Ma l’uso dei dati biometrici viene adottato con entusiasmo anche dal settore privato nei luoghi di lavoro, nei negozi e nelle scuole di tutto il mondo. Viene utilizzato per verificare l’identità dei tassisti, assumere dipendenti, monitorare gli operai delle fabbriche, segnalare i ladri e velocizzare le code per i pasti scolastici.

L’avvocato Matthew Ryder, in un rapporto indipendente pubblicato questa settimana, ha presentato una potente argomentazione sul perché i politici debbano agire ora per creare un quadro giuridico più forte per le tecnologie biometriche. (Per la divulgazione: il rapporto è stato commissionato dall’Ada Lovelace Institute e io sono nel consiglio di amministrazione dell’ente di beneficenza.) Fino a quando non entrerà in vigore, Ryder ha chiesto una moratoria sull’uso della tecnologia di riconoscimento facciale dal vivo.

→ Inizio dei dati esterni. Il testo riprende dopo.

(* Let $I(z)$ be a nonzero polynomial solution of the KZ system over $\mathbb{F}_p$ and let $C z_1^{d_1}\cdots z_n^{d_n}$, $C=(C_1,\dots,C_n)\in\mathbb{F}_p^n$, be its $\mathrm{id}$-leading term. Then, with $C$ as a column vector and equalities in $\mathbb{F}_p$, $$\sum_{j=1}^nm_jC_j=0,\qquad \sum_{l=j+1}^n\Omega_{jl}C=q\,d_j\,C\ \ (j=1,\dots,n-1),\qquad d_n\equiv0\pmod p.$$
   Context: Let $p,q$ be primes and $n$ a positive integer with $p>n\ge2$, $p>q$. Fix positive integers $m_1,\dots,m_n<q$. For $i\ne j$ let $\Omega_{ij}$ be the $n\times n$ matrix whose only nonzero entries are $(\Omega_{ij})_{ii}=-m_j$, $(\Omega_{ij})_{ij}=m_j$, $(\Omega_{ij})_{ji}=m_i$, $(\Omega_{ij})_{jj}=-m_i$. A polynomial solution of the KZ system over $\mathbb{F}_p$ is $I(z)=(I_1,\dots,I_n)\in\mathbb{F}_p[z_1,\dots,z_n]^n$ with $\partial I/\partial z_i=q^{-1}\sum_{j\ne i}\Omega_{ij}I/(z_i-z_j)$ for all $i$ and $\sum_im_iI_i=0$ (computed in $\mathbb{F}_p$). Monomials $z^d$ are ordered lexicographically by $(d_1,\dots,d_n)$ (so $z_1>\dots>z_n$); the $\mathrm{id}$-leading term of a nonzero $f\in\mathbb{F}_p[z]^n$ is $a z^d$ with $z^d$ the largest monomial having nonzero coefficient $a\in\mathbb{F}_p^n$. *)

theory Defs
  imports "HOL-Library.Poly_Mapping" "Berlekamp_Zassenhaus.Finite_Field"
begin

(* Multivariate polynomials over a ring 'a in variables z_0, z_1, ... (variable z_k of the
   paper is index k-1 here): a monomial is an exponent vector  nat \<Rightarrow>\<^sub>0 nat,
   a polynomial is a finitely supported map from monomials to coefficients. *)
type_synonym 'a mpoly = "(nat \<Rightarrow>\<^sub>0 nat) \<Rightarrow>\<^sub>0 'a"

definition Var :: "nat \<Rightarrow> 'a::comm_semiring_1 mpoly" where
  "Var k = Poly_Mapping.single (Poly_Mapping.single k 1) 1"

definition Const :: "'a::comm_semiring_1 \<Rightarrow> 'a mpoly" where
  "Const c = Poly_Mapping.single 0 c"

definition in_vars :: "nat \<Rightarrow> 'a::zero mpoly \<Rightarrow> bool" where
  "in_vars n f \<longleftrightarrow> (\<forall>a\<in>Poly_Mapping.keys f. Poly_Mapping.keys a \<subseteq> {..<n})"

definition pderiv_mv :: "nat \<Rightarrow> 'a::comm_semiring_1 mpoly \<Rightarrow> 'a mpoly" where
  "pderiv_mv k f = (\<Sum>a\<in>Poly_Mapping.keys f.
      Poly_Mapping.single (a - Poly_Mapping.single k 1) (of_nat (Poly_Mapping.lookup a k) * Poly_Mapping.lookup f a))"

definition Omega :: "(nat \<Rightarrow> nat) \<Rightarrow> nat \<Rightarrow> nat \<Rightarrow> nat \<Rightarrow> nat \<Rightarrow> 'a::comm_ring_1" where
  "Omega m i j a b =
     (if a = i \<and> b = i then - of_nat (m j)
      else if a = i \<and> b = j then of_nat (m j)
      else if a = j \<and> b = i then of_nat (m i)
      else if a = j \<and> b = j then - of_nat (m i)
      else 0)"

(* KZ system over F_p with denominators cleared: for each i, and each component a,
   q * (prod_{k\<noteq>i}(z_i-z_k)) * dI_a/dz_i
     = sum_{j\<noteq>i} (Omega_{ij} I)_a * prod_{k\<noteq>i,j}(z_i-z_k),
   which is equivalent (in F_p(z)) to dI/dz_i = q^{-1} sum_{j\<noteq>i} Omega_{ij} I/(z_i-z_j). *)
definition KZ_solution ::
  "nat \<Rightarrow> nat \<Rightarrow> (nat \<Rightarrow> nat) \<Rightarrow> (nat \<Rightarrow> 'a::field mpoly) \<Rightarrow> bool" where
  "KZ_solution n q m I \<longleftrightarrow>
     (\<forall>a<n. in_vars n (I a)) \<and>
     (\<forall>i<n. \<forall>a<n.
        of_nat q * (\<Prod>k\<in>{..<n}-{i}. Var i - Var k) * pderiv_mv i (I a) =
        (\<Sum>j\<in>{..<n}-{i}. (\<Sum>b<n. Const (Omega m i j a b) * I b) *
            (\<Prod>k\<in>{..<n}-{i,j}. Var i - Var k))) \<and>
     (\<Sum>a<n. of_nat (m a) * I a) = 0"

definition lex_less :: "nat \<Rightarrow> (nat \<Rightarrow>\<^sub>0 nat) \<Rightarrow> (nat \<Rightarrow>\<^sub>0 nat) \<Rightarrow> bool" where
  "lex_less n a b \<longleftrightarrow> (\<exists>k<n. (\<forall>l<k. Poly_Mapping.lookup a l = Poly_Mapping.lookup b l) \<and> Poly_Mapping.lookup a k < Poly_Mapping.lookup b k)"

Appelli simili sono stati fatti da parlamentari britannici e legislatori statunitensi senza suscitare molta risposta da parte dei governi nazionali.

Sul motivo per cui i politici non hanno ancora agito vengono avanzate tre argomentazioni: è troppo presto; è troppo tardi; e al pubblico non importa. Tutti e tre suonano vuoti.

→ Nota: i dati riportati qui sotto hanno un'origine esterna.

(* Let $a_i:\mathbb{R}^n\to\mathbb{R}$ be convex and $L_a$-smooth, and suppose there exist $C_0>0$, $C_1\ge0$ with $\|\nabla a_i(x)\|_2^2\le C_0+C_1|a_i(x)|$ for all $x\in\mathbb{R}^n$. Then for every $\delta>0$, the function $x\mapsto p_\delta(a_i(x))$ is $\left(L_a+\frac{C_1}{4}+\frac{C_0}{4\delta}\right)$-smooth, i.e., its gradient is Lipschitz with this constant in the Euclidean norm.
   Context: $p_\delta(t)=\delta\log(1+\exp(t/\delta))$ is the softplus function with parameter $\delta>0$. A function is $L$-smooth if its gradient is $L$-Lipschitz w.r.t. $\|\cdot\|_2$. *)

theory Defs
  imports "HOL-Analysis.Analysis"
begin

definition softplus :: "real \<Rightarrow> real \<Rightarrow> real" where
  "softplus \<delta> t = \<delta> * ln (1 + exp (t / \<delta>))"

definition L_smooth :: "('a::real_inner \<Rightarrow> real) \<Rightarrow> real \<Rightarrow> bool" where
  "L_smooth f L \<longleftrightarrow> (\<exists>g. (\<forall>x. (f has_derivative (\<lambda>h. g x \<bullet> h)) (at x)) \<and>
                          (\<forall>x y. norm (g x - g y) \<le> L * norm (x - y)))"

end

theory Submission
  imports Defs
begin

(* The gradient of softplus(a x) is sigmoid(a x) * grad a(x) with 0 <= sigmoid <= 1.  Near a
   point u its increment is at most (L_a + sigmoid'(a u) |grad a(u)|^2) |v - u| + o(|v - u|),
   and sigmoid'(t) (C0 + C1 |t|) <= C0 / (4 delta) + C1 / 4 since s (1 - s) <= 1/4 and
   |z| e^z / (1 + e^z)^2 <= 1/4, i.e. 2|z| <= 1 + cosh z.  A local Lipschitz bound valid at
   every point propagates along segments to a global one. *)

lemma exp_ge_Taylor_cubic: "1 + x + x\<^sup>2 / 2 + x ^ 3 / 6 \<le> exp (x::real)"
proof -
  obtain t where "exp x = (\<Sum>m<4. x ^ m / fact m) + exp t / fact 4 * x ^ 4"
    using Maclaurin_exp_le[of x 4] by blast
  moreover have "(\<Sum>m<4. x ^ m / fact m) = 1 + x + x\<^sup>2 / 2 + x ^ 3 / 6"
    by (simp add: eval_nat_numeral fact_numeral)
  moreover have "0 \<le> exp t / fact 4 * x ^ 4"
    by simp
  ultimately show ?thesis
    by linarith
qed

lemma cosh_ge_one_plus_half_square: "1 + x\<^sup>2 / 2 \<le> cosh (x::real)"
  using exp_ge_Taylor_cubic[of x] exp_ge_Taylor_cubic[of "-x"]
  by (simp add: cosh_field_def power3_eq_cube)

lemma four_abs_mult_exp_le: "4 * \<bar>x\<bar> * exp x \<le> (1 + exp (x::real))\<^sup>2"
proof -
  have "(1 + exp x)\<^sup>2 = exp x * (2 + 2 * cosh x)"
    by (simp add: cosh_field_def power2_eq_square field_simps exp_minus)
  moreover have "4 * \<bar>x\<bar> \<le> 2 + 2 * cosh x"
    using cosh_ge_one_plus_half_square[of x] zero_le_power2[of "\<bar>x\<bar> - 2"]
    by (simp add: power2_eq_square algebra_simps)
  ultimately show ?thesis
    by simp
qed

lemma one_plus_exp_pos: "0 < 1 + exp (x::real)"
  by (metis add_pos_pos exp_gt_zero zero_less_one)

definition sigmoid :: "real \<Rightarrow> real \<Rightarrow> real" where
  "sigmoid \<delta> t = exp (t / \<delta>) / (1 + exp (t / \<delta>))"

lemma sigmoid_nonneg: "0 \<le> sigmoid \<delta> t"
  by (simp add: sigmoid_def add_pos_pos less_imp_le)

lemma abs_sigmoid_le_1: "\<bar>sigmoid \<delta> t\<bar> \<le> 1"
  by (simp add: sigmoid_def add_pos_pos)

lemma sigmoid_mult_one_minus: "sigmoid \<delta> t * (1 - sigmoid \<delta> t) = exp (t / \<delta>) / (1 + exp (t / \<delta>))\<^sup>2"
  using one_plus_exp_pos[of "t / \<delta>"]
  by (simp add: sigmoid_def power2_eq_square field_simps)

lemma DERIV_softplus:
  assumes "\<delta> \<noteq> 0"
  shows "(softplus \<delta> has_real_derivative sigmoid \<delta> t) (at t)"
  unfolding softplus_def[abs_def]
  using assms one_plus_exp_pos[of "t / \<delta>"]
  by (auto intro!: derivative_eq_intros simp: sigmoid_def)

lemma DERIV_sigmoid:
  assumes "\<delta> \<noteq> 0"
  shows "(sigmoid \<delta> has_real_derivative sigmoid \<delta> t * (1 - sigmoid \<delta> t) / \<delta>) (at t)"
  unfolding sigmoid_mult_one_minus unfolding sigmoid_def[abs_def]
  using assms one_plus_exp_pos[of "t / \<delta>"]
  by (auto intro!: derivative_eq_intros simp: power2_eq_square field_simps)

lemma sigmoid_deriv_weighted_le:
  assumes \<delta>: "\<delta> > 0" and "C0 \<ge> 0" and "C1 \<ge> 0"
  shows "\<bar>sigmoid \<delta> t * (1 - sigmoid \<delta> t) / \<delta>\<bar> * (C0 + C1 * \<bar>t\<bar>) \<le> C0 / (4 * \<delta>) + C1 / 4"
proof -
  define q where "q = sigmoid \<delta> t * (1 - sigmoid \<delta> t)"
  have q_nonneg: "0 \<le> q"
    using sigmoid_nonneg[of \<delta> t] abs_sigmoid_le_1[of \<delta> t] by (simp add: q_def)
  have q_le: "q \<le> 1 / 4"
    using zero_le_power2[of "2 * sigmoid \<delta> t - 1"] by (simp add: q_def power2_eq_square algebra_simps)
  have abs_q_le: "\<bar>t / \<delta>\<bar> * q \<le> 1 / 4"
  proof -
    define z where "z = t / \<delta>"
    have "4 * \<bar>z\<bar> * exp z \<le> (1 + exp z)\<^sup>2" and "0 < (1 + exp z)\<^sup>2"
      using four_abs_mult_exp_le one_plus_exp_pos[of z] by auto
    then have "\<bar>z\<bar> * (exp z / (1 + exp z)\<^sup>2) \<le> 1 / 4"
      by (simp add: pos_divide_le_eq)
    then show ?thesis
      by (simp add: q_def sigmoid_mult_one_minus z_def)
  qed
  have "\<bar>q / \<delta>\<bar> * (C0 + C1 * \<bar>t\<bar>) = C0 / \<delta> * q + C1 * (\<bar>t / \<delta>\<bar> * q)"
    using \<delta> q_nonneg by (simp add: field_simps)
  also have "\<dots> \<le> C0 / \<delta> * (1 / 4) + C1 * (1 / 4)"
    using q_le abs_q_le assms by (intro add_mono mult_left_mono) auto
  finally show ?thesis
    by (simp add: q_def)
qed

lemma L_smooth_imp_gradient_lipschitz:
  fixes f :: "'a::real_inner \<Rightarrow> real"
  assumes "L_smooth f L" and grad: "\<And>x. (f has_derivative (\<lambda>h. g x \<bullet> h)) (at x)"
  shows "norm (g x - g y) \<le> L * norm (x - y)"
proof -
  obtain g' where grad': "\<And>x. (f has_derivative (\<lambda>h. g' x \<bullet> h)) (at x)"
    and lip: "\<And>x y. norm (g' x - g' y) \<le> L * norm (x - y)"
    using assms(1) unfolding L_smooth_def by blast
  have "g' x = g x" for x
  proof -
    have "(\<lambda>h. g' x \<bullet> h) = (\<lambda>h. g x \<bullet> h)"
      using has_derivative_unique[OF grad' grad] .
    then have "(g' x - g x) \<bullet> (g' x - g x) = 0"
      by (metis inner_diff_left right_minus_eq)
    then show ?thesis
      by simp
  qed
  then show ?thesis
    using lip by metis
qed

In primo luogo, c’è un caso in cui una legislazione prematura e proscrittiva ucciderà l’innovazione. Ma le stesse grandi aziende statunitensi stanno diventando sempre più preoccupate per la proliferazione indiscriminata della tecnologia biometrica e sembrano temere di essere citate in giudizio se le cose vanno terribilmente storte. Diversi — tra cui Microsoft, Facebook e IBM hanno smesso di distribuire o vendere alcuni servizi di riconoscimento facciale e chiedono una legislazione più severa. “La regolamentazione aziendale aiuta l’innovazione”, afferma Ryder. “Puoi innovare con fiducia.”

L’argomento successivo è che la biometria si sta sviluppando così velocemente che le autorità di regolamentazione non potranno mai mettersi al passo con gli usi di frontiera. È inevitabile che i tecnologi superino i regolatori. Ma come Stephanie Hare, l’autrice di La tecnologia non è neutrale, sostiene, le società possono cambiare idea sul fatto che le tecnologie siano vantaggiose. Prendi l’amianto, che è stato ampiamente utilizzato per la prevenzione degli incendi prima che i suoi pericoli per la salute fossero conosciuti. “L’abbiamo usato con gioia prima di strapparlo tutto. Dovremmo essere in grado di innovare e correggere la rotta”, afferma.

L’argomento finale è che il pubblico non si preoccupa dei dati biometrici e che i politici hanno priorità più alte. Questo può essere vero fino a quando non lo è più. quando consigli cittadini hanno studiato e dibattuto l’uso dei dati biometrici hanno espresso preoccupazione per la sua affidabilità, proporzionalità e pregiudizi e allarme per il fatto che venga utilizzata come tecnologia discriminatoria “razzista”. La ricerca ha dimostrato che il riconoscimento facciale funziona in modo meno accurato su femmine nere di età compresa tra 18 e 30 anni. “Quando si vede la tecnologia utilizzata in modo nefasto, diventa difficile per le persone accettarla in modi più utili”, ha affermato un partecipante a un consiglio cittadino.

Tutti coloro che sono coinvolti nella promozione degli usi positivi dei dati biometrici dovrebbero contribuire a creare un regime legale affidabile. Siamo a un gigantesco scandalo di distanza da una spaventosa reazione pubblica.